Start of Provided records

definition down_closed :: "(nat \<Rightarrow> real) set \<Rightarrow> bool" where
  "down_closed S \<longleftrightarrow> (\<forall>x\<in>S. \<forall>y. (\<lambda>_. 0) \<le> y \<and> y \<le> x \<longrightarrow> y \<in> S)"

definition diam_n :: "nat \<Rightarrow> (nat \<Rightarrow> real) set \<Rightarrow> real" where
  "diam_n n S = Sup {norm_n n (vsub x y) | x y. x \<in> S \<and> y \<in> S}"

definition has_gradient_on :: "nat \<Rightarrow> ((nat \<Rightarrow> real) \<Rightarrow> real) \<Rightarrow> ((nat \<Rightarrow> real) \<Rightarrow> (nat \<Rightarrow> real))
     \<Rightarrow> (nat \<Rightarrow> real) set \<Rightarrow> bool" where
  "has_gradient_on n f g S \<longleftrightarrow> (\<forall>x\<in>S. g x \<in> Rn n \<and> (\<forall>e>0. \<exists>d>0. \<forall>y\<in>S.
      norm_n n (vsub y x) < d \<longrightarrow>
      \<bar>f y - f x - inner_n n (g x) (vsub y x)\<bar> \<le> e * norm_n n (vsub y x)))"

definition dr_submodular_on :: "nat \<Rightarrow> ((nat \<Rightarrow> real) \<Rightarrow> real) \<Rightarrow> (nat \<Rightarrow> real) set \<Rightarrow> bool" where
  "dr_submodular_on n f S \<longleftrightarrow> (\<forall>a\<in>S. \<forall>b\<in>S. \<forall>i<n. \<forall>k::real.
      a \<le> b \<and> 0 \<le> k \<and> vadd a (vscale k (unitv i)) \<in> S \<and> vadd b (vscale k (unitv i)) \<in> S \<longrightarrow>
      f (vadd a (vscale k (unitv i))) - f a \<ge> f (vadd b (vscale k (unitv i))) - f b)"

definition nmfw_run :: "nat \<Rightarrow> ((nat \<Rightarrow> real) \<Rightarrow> (nat \<Rightarrow> real)) \<Rightarrow> (nat \<Rightarrow> real) set
    \<Rightarrow> (nat \<Rightarrow> real) \<Rightarrow> real \<Rightarrow> nat \<Rightarrow> (nat \<Rightarrow> nat \<Rightarrow> real) \<Rightarrow> (nat \<Rightarrow> real)
    \<Rightarrow> (nat \<Rightarrow> nat \<Rightarrow> real) \<Rightarrow> bool" where
  "nmfw_run n g P u \<gamma> K x t v \<longleftrightarrow>
     x 0 = (\<lambda>_. 0) \<and> t 0 = 0 \<and> \<not> (t K < 1) \<and>
     (\<forall>k<K. t k < 1 \<and>
        v k \<in> P \<and> v k \<le> vsub u (x k) \<and>
        (\<forall>w\<in>P. w \<le> vsub u (x k) \<longrightarrow> inner_n n w (g (x k)) \<le> inner_n n (v k) (g (x k))) \<and>
        x (Suc k) = vadd (x k) (vscale (min \<gamma> (1 - t k)) (v k)) \<and>
        t (Suc k) = t k + min \<gamma> (1 - t k))"

end

theory Submission
  imports Defs
begin

text \<open>DR-submodularity makes the gradient coordinatewise antitone (on the upper face of the box
  this also needs the Lipschitz continuity of the gradient), so f is concave along nonnegative
  directions.  The iterates satisfy x_j \<le> (1 - (1 - \<gamma>)^j) u, so concavity and nonnegativity give
  f(max(x*, x_j)) \<ge> (1 - \<gamma>)^j f(x*); the direction max(x*, x_j) - x_j is feasible for the linear
  subproblem, and the descent lemma for L-smooth functions yields
    f(x_(j+1)) \<ge> (1 - \<gamma>) f(x_j) + \<gamma> (1 - \<gamma>)^j f(x*) - L D^2 \<gamma>^2 / 2.
  Unrolling gives f(x_j) \<ge> j\<gamma> (1 - \<gamma>)^(j-1) f(x*) - j L D^2 \<gamma>^2 / 2, and
  j\<gamma> (1 - \<gamma>)^(j-1) \<ge> t e^(-t) for t = j\<gamma>.  The truncated last step, and step sizes \<gamma> > 1/2,
  cost at most 4 \<gamma>^2 f(x*), so C = 4 works.\<close>

lemma norm_n_nonneg: "0 \<le> norm_n n x"
  unfolding norm_n_def by (simp add: sum_nonneg)

lemma norm_n_scale: "norm_n n (\<lambda>i. c * x i) = \<bar>c\<bar> * norm_n n x"
proof -
  have "(\<Sum>i<n. (c * x i)\<^sup>2) = c\<^sup>2 * (\<Sum>i<n. (x i)\<^sup>2)"
    by (simp add: sum_distrib_left power_mult_distrib)
  then show ?thesis unfolding norm_n_def by (simp add: real_sqrt_mult)
qed

lemma inner_n_scale_right: "inner_n n y (\<lambda>i. c * x i) = c * inner_n n y x"
  unfolding inner_n_def by (simp add: sum_distrib_left algebra_simps)

lemma inner_n_commute: "inner_n n x y = inner_n n y x"
  unfolding inner_n_def by (simp add: mult.commute)

lemma inner_n_diff_left: "inner_n n (vsub x y) z = inner_n n x z - inner_n n y z"
  unfolding inner_n_def vsub_def by (simp add: sum_subtractf algebra_simps)

lemma abs_le_norm_n: "i < n \<Longrightarrow> \<bar>x i\<bar> \<le> norm_n n x"
proof -
  assume "i < n"
  then have "(x i)\<^sup>2 \<le> (\<Sum>j<n. (x j)\<^sup>2)"
    by (intro member_le_sum) auto
  then show ?thesis
    unfolding norm_n_def by (metis real_sqrt_abs real_sqrt_le_mono)
qed

lemma abs_inner_n_le_norm_n_mult: "\<bar>inner_n n x y\<bar> \<le> norm_n n x * norm_n n y"
proof -
  have "\<bar>inner_n n x y\<bar> \<le> (\<Sum>i<n. \<bar>x i\<bar> * \<bar>y i\<bar>)"
    unfolding inner_n_def abs_mult[symmetric] by (rule sum_abs)
  also have "\<dots> \<le> L2_set x {..<n} * L2_set y {..<n}"
    by (rule L2_set_mult_ineq)
  finally show ?thesis unfolding norm_n_def L2_set_def .
qed

lemma norm_n_scale_unitv: "i < n \<Longrightarrow> norm_n n (vscale k (unitv i)) = \<bar>k\<bar>"
proof -
  assume "i < n"
  have "(\<Sum>j<n. (vscale k (unitv i) j)\<^sup>2) = (\<Sum>j<n. if j = i then k\<^sup>2 else 0)"
    by (rule sum.cong) (auto simp: vscale_def unitv_def)
  then show ?thesis unfolding norm_n_def using \<open>i < n\<close> by simp
qed

lemma inner_n_scale_unitv: "i < n \<Longrightarrow> inner_n n y (vscale k (unitv i)) = k * y i"
  unfolding inner_n_def vscale_def unitv_def by (simp add: if_distrib cong: if_cong)

lemma mem_box0_iff: "x \<in> box0 u \<longleftrightarrow> (\<forall>i. 0 \<le> x i \<and> x i \<le> u i)"
  unfolding box0_def le_fun_def by auto

lemma segment_mem_box0:
  assumes "y \<in> box0 u" and "(\<lambda>i. y i + d i) \<in> box0 u" and "\<forall>i. 0 \<le> d i"
    and "0 \<le> s" and "s \<le> 1"
  shows "(\<lambda>i. y i + s * d i) \<in> box0 u"
proof -
  have "0 \<le> s * d i" "s * d i \<le> d i" for i
    using assms(3-5) mult_left_le_one_le[of "d i" s] by auto
  then show ?thesis
    using assms(1,2) unfolding mem_box0_iff by (metis add_increasing2 add_left_mono order_trans)
qed

lemma mvt_real_derivative_within:
  fixes \<phi> :: "real \<Rightarrow> real"
  assumes "a < b" and "\<And>s. s \<in> {a..b} \<Longrightarrow> (\<phi> has_real_derivative \<phi>' s) (at s within {a..b})"
  shows "\<exists>\<xi>\<in>{a<..<b}. \<phi> b - \<phi> a = \<phi>' \<xi> * (b - a)"
  using mvt_simple[OF assms(1), of \<phi> "\<lambda>s h. \<phi>' s * h"] assms(2)
  by (simp add: has_field_derivative_def)

lemma has_gradient_onD:
  assumes "has_gradient_on n f g B" and "x \<in> B" and "e > 0"
  obtains d where "d > 0" and "\<And>y. y \<in> B \<Longrightarrow> norm_n n (vsub y x) < d \<Longrightarrow>
      \<bar>f y - f x - inner_n n (g x) (vsub y x)\<bar> \<le> e * norm_n n (vsub y x)"
  using assms unfolding has_gradient_on_def by blast

lemma has_gradient_on_segment_derivative:
  assumes grad: "has_gradient_on n f g B"
    and segment: "\<And>s. s \<in> S \<Longrightarrow> (\<lambda>i. y i + s * d i) \<in> B" and "s \<in> S"
  shows "((\<lambda>s. f (\<lambda>i. y i + s * d i)) has_real_derivative inner_n n (g (\<lambda>i. y i + s * d i)) d)
    (at s within S)"
proof -
  define p where "p = (\<lambda>s. (\<lambda>i. y i + s * d i))"
  define N where "N = norm_n n d"
  have N0: "N \<ge> 0" unfolding N_def by (rule norm_n_nonneg)
  have p_diff: "vsub (p s') (p s) = (\<lambda>i. (s' - s) * d i)" for s'
    unfolding vsub_def p_def by (auto simp: algebra_simps)
  have "((\<lambda>s'. (f (p s') - f (p s)) / (s' - s)) \<longlongrightarrow> inner_n n (g (p s)) d) (at s within S)"
    unfolding tendsto_iff eventually_at
  proof (intro allI impI)
    fix e :: real assume "e > 0"
    then have "e / (N + 1) > 0" using N0 by simp
    moreover have "p s \<in> B" using segment[OF \<open>s \<in> S\<close>] unfolding p_def .
    ultimately obtain r where "r > 0" and r: "\<And>z. z \<in> B \<Longrightarrow> norm_n n (vsub z (p s)) < r \<Longrightarrow>
      \<bar>f z - f (p s) - inner_n n (g (p s)) (vsub z (p s))\<bar> \<le> e / (N + 1) * norm_n n (vsub z (p s))"
      using has_gradient_onD[OF grad] by blast
    show "\<exists>r'>0. \<forall>s'\<in>S. s' \<noteq> s \<and> dist s' s < r' \<longrightarrow>
        dist ((f (p s') - f (p s)) / (s' - s)) (inner_n n (g (p s)) d) < e"
    proof (intro exI[of _ "r / (N + 1)"] conjI ballI impI)
      show "r / (N + 1) > 0" using \<open>r > 0\<close> N0 by simp
      fix s' assume "s' \<in> S" and s': "s' \<noteq> s \<and> dist s' s < r / (N + 1)"
      define h where "h = s' - s"
      have h0: "\<bar>h\<bar> > 0" using s' unfolding h_def by simp
      have "\<bar>h\<bar> * N \<le> \<bar>h\<bar> * (N + 1)" by (simp add: mult_left_mono)
      also have "\<bar>h\<bar> * (N + 1) < r"
        using s' N0 unfolding h_def dist_real_def by (simp add: pos_less_divide_eq)
      finally have "norm_n n (vsub (p s') (p s)) < r"
        unfolding p_diff norm_n_scale h_def N_def .
      moreover have "p s' \<in> B" using segment[OF \<open>s' \<in> S\<close>] unfolding p_def .
      ultimately have "\<bar>f (p s') - f (p s) - inner_n n (g (p s)) (vsub (p s') (p s))\<bar>
          \<le> e / (N + 1) * norm_n n (vsub (p s') (p s))"
        using r by blast
      then have "\<bar>f (p s') - f (p s) - h * inner_n n (g (p s)) d\<bar> \<le> e / (N + 1) * (\<bar>h\<bar> * N)"
        unfolding p_diff inner_n_scale_right norm_n_scale h_def N_def .
      then have "\<bar>(f (p s') - f (p s)) / h - inner_n n (g (p s)) d\<bar> \<le> e / (N + 1) * N"
        using h0 by (simp add: field_simps abs_divide)
      also have "\<dots> < e" using \<open>e > 0\<close> N0 by (simp add: field_simps)
      finally show "dist ((f (p s') - f (p s)) / (s' - s)) (inner_n n (g (p s)) d) < e"
        unfolding dist_real_def h_def .
    qed
  qed
  then show ?thesis unfolding has_field_derivative_iff p_def by simp
qed

lemma dr_submodular_gradient_antitone_interior:
  assumes grad: "has_gradient_on n f g (box0 u)" and dr: "dr_submodular_on n f (box0 u)"
    and a: "a \<in> box0 u" and b: "b \<in> box0 u" and "a \<le> b" and i: "i < n" and "b i < u i"
  shows "g b i \<le> g a i"
proof (rule ccontr)
  assume "\<not> g b i \<le> g a i"
  define \<delta> where "\<delta> = g b i - g a i"
  have "\<delta> > 0" using \<open>\<not> g b i \<le> g a i\<close> unfolding \<delta>_def by simp
  then obtain ra rb where "ra > 0" "rb > 0"
    and near_a: "\<And>z. z \<in> box0 u \<Longrightarrow> norm_n n (vsub z a) < ra \<Longrightarrow>
      \<bar>f z - f a - inner_n n (g a) (vsub z a)\<bar> \<le> \<delta>/4 * norm_n n (vsub z a)"
    and near_b: "\<And>z. z \<in> box0 u \<Longrightarrow> norm_n n (vsub z b) < rb \<Longrightarrow>
      \<bar>f z - f b - inner_n n (g b) (vsub z b)\<bar> \<le> \<delta>/4 * norm_n n (vsub z b)"
    using has_gradient_onD[OF grad a, of "\<delta>/4"] has_gradient_onD[OF grad b, of "\<delta>/4"]
    by (metis divide_pos_pos zero_less_numeral)
  define k where "k = min (min ra rb / 2) (u i - b i)"
  have "k > 0" "k < ra" "k < rb" "b i + k \<le> u i"
    using \<open>ra > 0\<close> \<open>rb > 0\<close> \<open>b i < u i\<close> unfolding k_def by auto
  define e where "e = vscale k (unitv i)"
  have "a i \<le> b i" using \<open>a \<le> b\<close> by (simp add: le_fun_def)
  then have a': "vadd a e \<in> box0 u" and b': "vadd b e \<in> box0 u"
    using a b \<open>b i + k \<le> u i\<close> \<open>k > 0\<close> unfolding mem_box0_iff e_def
    by (auto simp: vadd_def vscale_def unitv_def)
  have "vsub (vadd a e) a = e" "vsub (vadd b e) b = e"
    by (auto simp: vsub_def vadd_def)
  moreover have "norm_n n e = k" "inner_n n (g a) e = k * g a i" "inner_n n (g b) e = k * g b i"
    unfolding e_def using norm_n_scale_unitv[OF i] inner_n_scale_unitv[OF i] \<open>k > 0\<close> by auto
  ultimately have "\<bar>f (vadd a e) - f a - k * g a i\<bar> \<le> \<delta>/4 * k"
    and "\<bar>f (vadd b e) - f b - k * g b i\<bar> \<le> \<delta>/4 * k"
    using near_a[OF a'] near_b[OF b'] \<open>k < ra\<close> \<open>k < rb\<close> by auto
  moreover have "f (vadd a e) - f a \<ge> f (vadd b e) - f b"
    using dr a b a' b' \<open>a \<le> b\<close> i \<open>k > 0\<close> unfolding dr_submodular_on_def e_def by auto
  moreover have "k * g b i - k * g a i = k * \<delta>" "k * \<delta> > 0" "\<delta>/4 * k = k * \<delta> / 4"
    using \<open>k > 0\<close> \<open>\<delta> > 0\<close> unfolding \<delta>_def by (simp_all add: algebra_simps)
  ultimately show False unfolding abs_le_iff by linarith
qed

End of Provided records

▶ [Work instruction]: Exactly the lines above from the one with "using a b \<open>b" to the one with "k * \<delta> /", both included, are to be quoted; leave the rest out.

▶ [Final answer]:
    using a b \<open>b i + k \<le> u i\<close> \<open>k > 0\<close> unfolding mem_box0_iff e_def
    by (auto simp: vadd_def vscale_def unitv_def)
  have "vsub (vadd a e) a = e" "vsub (vadd b e) b = e"
    by (auto simp: vsub_def vadd_def)
  moreover have "norm_n n e = k" "inner_n n (g a) e = k * g a i" "inner_n n (g b) e = k * g b i"
    unfolding e_def using norm_n_scale_unitv[OF i] inner_n_scale_unitv[OF i] \<open>k > 0\<close> by auto
  ultimately have "\<bar>f (vadd a e) - f a - k * g a i\<bar> \<le> \<delta>/4 * k"
    and "\<bar>f (vadd b e) - f b - k * g b i\<bar> \<le> \<delta>/4 * k"
    using near_a[OF a'] near_b[OF b'] \<open>k < ra\<close> \<open>k < rb\<close> by auto
  moreover have "f (vadd a e) - f a \<ge> f (vadd b e) - f b"
    using dr a b a' b' \<open>a \<le> b\<close> i \<open>k > 0\<close> unfolding dr_submodular_on_def e_def by auto
  moreover have "k * g b i - k * g a i = k * \<delta>" "k * \<delta> > 0" "\<delta>/4 * k = k * \<delta> / 4"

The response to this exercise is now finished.